Prominently displayed throughout the store were signs that said, “You break it, you buy it.” At first, I thought that these signs were a bit off-putting. After all, weren’t we the customer? Isn’t the customer always right? However, from a risk-management point of view, I guess I’d do the same thing if I were the store owner. After all, who should be responsible for broken merchandise in a store? The owner? Perhaps, but only if it’s precariously displayed. What about the clumsy or reckless customer who bumbles his way through the store and knocks something over. Shouldn’t he be responsible? The answer is probably yes.
Leadership is a lot like a crystal shop. It’s all about ownership. Leaders choose to own the responsibility for getting results. They choose to own the responsibility for their followers’ health, safety and welfare. For better or worse, they choose to own the whole shebang. Later, we’ll explore the concept of choice as it relates to not only leadership, but also accident causation.
"Sure, leaders inspire others to pursue a common goal and work hard to get there, but a true leader first defines the goal and owns it. More importantly, the leader has to assume responsibility for his or her followers."
When it comes to safety, a true safety leader accepts responsibility for the safety and well-being of his or her followers. And that’s a tall order. Many managers and supervisors focus their energy on achieving acceptable results in a few key categories such as productivity, load average or on time service. But how often do front-line leaders feel responsible for the elimination of unsafe behaviors and unsafe conditions. It’s easy to forget about safety until something goes wrong.
Note, I didn’t say leaders feel responsible for accidents, incidents, injuries or collisions. True safety leaders are focused on unsafe behaviors and eliminating them before they lead to an accident. It’s the premise behind the domino theory of accident causation 300:29:1.

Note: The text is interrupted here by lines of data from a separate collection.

lemma dp_dist_step:
  assumes U: "U \<in> DP" and W: "W \<in> DP" and ne: "U \<noteq> W"
  shows "\<exists>U'\<in>DP. dp_dist U U' = 1 \<and> dp_dist U' W + 1 = dp_dist U W"
proof -
  have "\<not> W \<subseteq> U" using dp_eq_if_subset[OF W U] ne by auto
  then obtain x where x: "x \<in> W" "x \<notin> U" by auto
  obtain u where u: "u \<in> U" "Bp u x \<noteq> 0" using dp_not_perp[OF U x(2)] by auto
  then have xu: "Bp x u \<noteq> 0" by (simp add: polar_sym)
  define H where "H = U \<inter> {z. Bp x z = 0}"
  note H = dp_polar_hyperplane[OF U u(1) xu, folded H_def]
  have HU: "H \<subseteq> U" by (auto simp: H_def)
  have xH: "x \<in> perp C H" by (auto simp: perp_def H_def polar_sym)
  \<comment> \<open>the neighbour of \<open>U\<close> through \<open>H\<close> containing \<open>x\<close> is one step closer to \<open>W\<close>\<close>
  define U' where "U' = fv.span (insert x H)"
  note U' = dp_neighbour_through_hyperplane[OF U H(1) HU H(2) dp_singular[OF W x(1)] xH x(2),
      folded U'_def]
  have d1: "dp_dist U U' = 1" using U'(2) H(2) by (simp add: dp_dist_def)
  have "U \<inter> W \<subseteq> H" using dp_polar_zero[OF W x(1)] by (auto simp: H_def)
  then have "insert x (U \<inter> W) \<subseteq> U' \<inter> W" using x(1) U'(2,3) by blast
  then have "fv.span (insert x (U \<inter> W)) \<subseteq> U' \<inter> W"
    by (intro fv.span_minimal dp_Int_subspace U'(1) W)
  then have "fdim (fv.span (insert x (U \<inter> W))) \<le> fdim (U' \<inter> W)" by (rule fv.dim_subset)
  moreover have "fdim (fv.span (insert x (U \<inter> W))) = fdim (U \<inter> W) + 1"
    using x(2) by (intro fdim_span_insert dp_Int_subspace U W) blast
  ultimately have "dp_dist U' W + 1 \<le> dp_dist U W"
    using dp_fdim_Int_le[OF U'(1), of W] by (simp add: dp_dist_def)
  moreover have "dp_dist U W \<le> dp_dist U U' + dp_dist U' W"
    by (rule dp_dist_triangle[OF U U'(1) W])
  ultimately have "dp_dist U' W + 1 = dp_dist U W" using d1 by linarith
  with d1 U'(1) show ?thesis by blast
qed

lemma dp_adjacent_polar_nonzero:
  assumes U: "U \<in> DP" and U': "U' \<in> DP" and adj: "fdim (U \<inter> U') + 1 = w"
    and u: "u \<in> U" "u \<notin> U'" and u': "u' \<in> U'" "u' \<notin> U"
  shows "Bp u u' \<noteq> 0"
proof
  assume orth: "Bp u u' = 0"
  have "fv.span (insert u (U \<inter> U')) = U"
    using u adj dp_fdim[OF U]
    by (intro span_insert_eq_if_fdim_Suc dp_Int_subspace dp_subspace U U') auto
  moreover have "u' \<in> perp C (insert u (U \<inter> U'))"
    using orth dp_polar_zero[OF U' _ u'(1)] by (auto simp: perp_def polar_sym)
  then have "u' \<in> perp C (fv.span (insert u (U \<inter> U')))" by (simp only: perp_span)
  ultimately have "u' \<in> perp C U" by simp
  with u' show False using dp_perp[OF U] by simp
qed

lemma dp_adjacent_sum_eq_perp:
  assumes U: "U \<in> DP" and U': "U' \<in> DP" and adj: "fdim (U \<inter> U') + 1 = w"
  shows "{a + b |a b. a \<in> U \<and> b \<in> U'} = perp C (U \<inter> U')"
proof (rule fv.subspace_dim_equal)
  show "fsubspace {a + b |a b. a \<in> U \<and> b \<in> U'}"
    by (rule fv.subspace_sums[OF dp_subspace[OF U] dp_subspace[OF U']])
  show "{a + b |a b. a \<in> U \<and> b \<in> U'} \<subseteq> perp C (U \<inter> U')"
    using dp_polar_zero[OF U] dp_polar_zero[OF U'] by (auto simp: perp_def polar_add_right)
  have "fdim {a + b |a b. a \<in> U \<and> b \<in> U'} + fdim (U \<inter> U') = fdim U + fdim U'"
    by (rule fv.dim_sums_Int[OF dp_subspace[OF U] dp_subspace[OF U']])
  moreover have "fdim (perp C (U \<inter> U')) + fdim (U \<inter> U') = 2 * w"
    by (rule fdim_perp_add[OF dp_Int_subspace[OF U U']])
  ultimately show "fdim (perp C (U \<inter> U')) \<le> fdim {a + b |a b. a \<in> U \<and> b \<in> U'}"
    using dp_fdim[OF U] dp_fdim[OF U'] by simp
qed (rule perp_subspace)

lemma dp_adjacent_singular_in_Un:
  assumes U: "U \<in> DP" and U': "U' \<in> DP" and adj: "fdim (U \<inter> U') + 1 = w"
    and x: "Q x = 0" "x \<in> perp C (U \<inter> U')"
  shows "x \<in> U \<union> U'"
proof -
  obtain a b where ab: "x = a + b" "a \<in> U" "b \<in> U'"
    using x(2) dp_adjacent_sum_eq_perp[OF U U' adj] by blast
  have "Bp a b = 0"
    using x(1) dp_singular[OF U ab(2)] dp_singular[OF U' ab(3)] by (simp add: ab(1) qform_add)
  then have "a \<in> U' \<or> b \<in> U" using dp_adjacent_polar_nonzero[OF U U' adj] ab by blast
  then show ?thesis
  proof
    assume "a \<in> U'"
    then have "x \<in> U'" using ab fv.subspace_add[OF dp_subspace[OF U']] by simp
    then show ?thesis by simp
  next
    assume "b \<in> U"
    then have "x \<in> U" using ab fv.subspace_add[OF dp_subspace[OF U]] by simp
    then show ?thesis by simp
  qed
qed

So, going back to my comments in the first unit, if you’re not interested in reducing accidents and injuries, if you don’t really care about the health, safety and well-being of your people, or if you’re unwilling own the results, this blog series is not something you should waste your time on.
Safety leadership is not for everyone. Safety leadership is for caring and compassionate people who are willing to take ownership for the safety of others and who are also able to inspire others to pursue a common goal.